-- Exercise brief --
Give again the line that contains "unfolding F'_def by", plus every line after it to the end of the records, unchanged.

-- Provided records --
lemma pullback_Qcl:
  assumes pb: "is_pullback n r zm q" and "Qcl n r"
  shows "Qcl 1 q"
proof -
  obtain N F M G where "is_hpoly_map n N F" "is_hpoly_map n M G"
    and "\<exists>p. map_normsq n M G p \<noteq> 0"
    and idt: "\<And>z. herm_eval n r z z * of_real (map_normsq n M G z) = of_real (map_normsq n N F z)"
    using assms(2) unfolding Qcl_def by blast
  then obtain p j0 where j0: "j0 < M" "hpoly_eval n (G j0) p \<noteq> 0"
    unfolding map_normsq_def by (metis (no_types, lifting) lessThan_iff norm_zero power_zero_numeral sum.neutral)
  \<comment> \<open>Move the curve so that it passes through \<open>p\<close> at \<open>t = 0\<close>, \<open>\<epsilon> = 1\<close>.\<close>
  define c where "c i = p i - poly (zm i) 0" for i
  define Gb where "Gb j = pert_poly n (G j) zm c" for j
  have "poly (map_poly (\<lambda>q. poly q 0) (Gb j0)) 1 \<noteq> 0"
    using j0(2) unfolding Gb_def poly_pert_poly by (simp add: pert_def c_def)
  then have "Gb j0 \<noteq> 0"
    by (metis map_poly_0 poly_0)
  then obtain m j1 where below: "\<And>j k. j < M \<Longrightarrow> k < m \<Longrightarrow> coeff (Gb j) k = 0"
    and j1: "j1 < M" "coeff (Gb j1) m \<noteq> 0"
    by (rule least_order_in_family[OF j0(1)]) (rule that)
  obtain t0 where t0: "poly (coeff (Gb j1) m) t0 \<noteq> 0"
    using j1(2) poly_all_0_iff_0 by blast
  define G' where "G' j = hpoly_of_poly (coeff (Gb j) m)" for j
  define F' where "F' j = hpoly_of_poly (coeff (pert_poly n (F j) zm c) m)" for j
  have "map_normsq 1 M G' (\<lambda>_. t0) \<noteq> 0"
  proof -
    have "0 < (cmod (poly (coeff (Gb j1) m) t0))\<^sup>2"
      using t0 by simp
    also have "\<dots> \<le> map_normsq 1 M G' (\<lambda>_. t0)"
      unfolding G'_def map_normsq_hpoly_of_poly using j1(1) by (intro member_le_sum) auto
    finally show ?thesis
      by simp
  qed
  moreover have "herm_eval 1 q z z * of_real (map_normsq 1 M G' z) = of_real (map_normsq 1 N F' z)" for z
  proof -
    have "((\<lambda>\<epsilon>::real. of_real ((\<Sum>j<M. (cmod (poly (map_poly (\<lambda>q. poly q (z 0)) (Gb j)) (of_real \<epsilon>)))\<^sup>2) / \<epsilon> ^ (2 * m)))
        \<longlongrightarrow> complex_of_real (\<Sum>j<M. (cmod (coeff (map_poly (\<lambda>q. poly q (z 0)) (Gb j)) m))\<^sup>2)) (at 0)"
      by (intro tendsto_of_real tendsto_normsq_div_power) (simp add: coeff_map_poly_eval below)
    then have "((\<lambda>\<epsilon>::real. complex_of_real (map_normsq n M G (pert zm c (z 0) (of_real \<epsilon>))) / of_real \<epsilon> ^ (2 * m))
        \<longlongrightarrow> complex_of_real (map_normsq 1 M G' z)) (at 0)"
      by (simp add: G'_def Gb_def map_normsq_def poly_pert_poly coeff_map_poly_eval)
    from leading_coeff_identity[OF idt this] show ?thesis
      unfolding pullback_eval[OF pb] F'_def map_normsq_hpoly_of_poly by simp
  qed
  moreover have "is_hpoly_map 1 N F'" "is_hpoly_map 1 M G'"
    unfolding F'_def G'_def by (rule is_hpoly_map_hpoly_of_poly)+
  moreover have "is_herm 1 q"
    using pb by (simp add: is_pullback_def)
  ultimately show ?thesis
    unfolding Qcl_def by blast
qed

lemma pullback_Qcl':
  assumes pb: "is_pullback n r zm q" and "Qcl' n r"
  shows "Qcl' 1 q"
proof -
  obtain s N F \<alpha>0 \<beta>0 where Ps: "Pk 1 n s" and nonzero: "s \<alpha>0 \<beta>0 \<noteq> 0" and "is_hpoly_map n N F"
    and idt: "\<And>z. herm_eval n r z z * herm_eval n s z z = of_real (map_normsq n N F z)"
    using assms(2) unfolding Qcl'_def by blast
  have herm: "is_herm n s" and s_nonneg: "\<And>p. Im (herm_eval n s p p) = 0 \<and> 0 \<le> Re (herm_eval n s p p)"
    using Ps unfolding Pk_one_iff by blast+
  obtain p where p: "herm_eval n s p p \<noteq> 0"
    using herm_diag_nonzero[of n s \<alpha>0 \<beta>0] herm nonzero by blast
  define c where "c i = p i - poly (zm i) 0" for i
  obtain S K where S: "\<And>d. is_herm 1 (S d)"
    and expand: "\<And>t \<epsilon>. herm_eval n s (pert zm c t (of_real \<epsilon>)) (pert zm c t (of_real \<epsilon>)) =
                  (\<Sum>d\<le>K. herm_eval 1 (S d) (\<lambda>_. t) (\<lambda>_. t) * of_real \<epsilon> ^ d)"
    by (rule herm_eval_pert_expansion[OF herm, where zm = zm and c = c]) (rule that)
  define T where "T d t = herm_eval 1 (S d) (\<lambda>_. t) (\<lambda>_. t)" for d t
  have "(\<Sum>d\<le>K. T d 0 * of_real 1 ^ d) \<noteq> 0"
    using p expand[of 0 1] by (simp add: T_def pert_def c_def)
  then obtain d0 where d0: "d0 \<le> K" "T d0 0 \<noteq> 0"
    by (metis (no_types, lifting) atMost_iff mult_zero_left sum.neutral)
  have T_sum_nonneg: "Im (\<Sum>d\<le>K. T d t * of_real \<epsilon> ^ d) = 0 \<and> 0 \<le> Re (\<Sum>d\<le>K. T d t * of_real \<epsilon> ^ d)" for t \<epsilon>
    unfolding T_def expand[symmetric] by (rule s_nonneg)
  obtain m where T_nonneg: "\<And>t. Im (T (2 * m) t) = 0 \<and> 0 \<le> Re (T (2 * m) t)"
    and "\<exists>t. T (2 * m) t \<noteq> 0"
    and T_lim: "\<And>t. ((\<lambda>\<epsilon>::real. (\<Sum>d\<le>K. T d t * of_real \<epsilon> ^ d) / of_real \<epsilon> ^ (2 * m)) \<longlongrightarrow> T (2 * m) t) (at 0)"
    by (rule lowest_order_coeff_nonneg[where K = K and T = T, OF T_sum_nonneg d0(2,1)]) (rule that)
  define F' where "F' j = hpoly_of_poly (coeff (pert_poly n (F j) zm c) m)" for j
  have diag: "herm_eval 1 (S (2 * m)) z z = T (2 * m) (z 0)" for z
    unfolding T_def by (rule herm_eval_one_cong)
  have "Pk 1 1 (S (2 * m))"
    unfolding Pk_one_iff diag using S T_nonneg by blast
  moreover have "\<exists>\<alpha> \<beta>. S (2 * m) \<alpha> \<beta> \<noteq> 0"
  proof (rule ccontr)
    assume "\<not> (\<exists>\<alpha> \<beta>. S (2 * m) \<alpha> \<beta> \<noteq> 0)"
    then have "T (2 * m) t = 0" for t
      unfolding T_def herm_eval_def by simp
    with \<open>\<exists>t. T (2 * m) t \<noteq> 0\<close> show False
      by blast
  qed
  moreover have "is_hpoly_map 1 N F'"
    unfolding F'_def by (rule is_hpoly_map_hpoly_of_poly)
  moreover have "herm_eval 1 q z z * herm_eval 1 (S (2 * m)) z z = of_real (map_normsq 1 N F' z)" for z
    using leading_coeff_identity[where B = "\<lambda>z. herm_eval n s z z", OF idt, of zm c "z 0" m]
    unfolding pullback_eval[OF pb] diag F'_def map_normsq_hpoly_of_poly expand T_def[symmetric]
    using T_lim by blast
  moreover have "Pk 1 1 q"
    using pb assms(2) unfolding Qcl'_def by (blast intro: pullback_Pk)
  ultimately show ?thesis
    unfolding Qcl'_def by blast
qed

-- The answer --
    unfolding F'_def by (rule is_hpoly_map_hpoly_of_poly)
  moreover have "herm_eval 1 q z z * herm_eval 1 (S (2 * m)) z z = of_real (map_normsq 1 N F' z)" for z
    using leading_coeff_identity[where B = "\<lambda>z. herm_eval n s z z", OF idt, of zm c "z 0" m]
    unfolding pullback_eval[OF pb] diag F'_def map_normsq_hpoly_of_poly expand T_def[symmetric]
    using T_lim by blast
  moreover have "Pk 1 1 q"
    using pb assms(2) unfolding Qcl'_def by (blast intro: pullback_Pk)
  ultimately show ?thesis
    unfolding Qcl'_def by blast
qed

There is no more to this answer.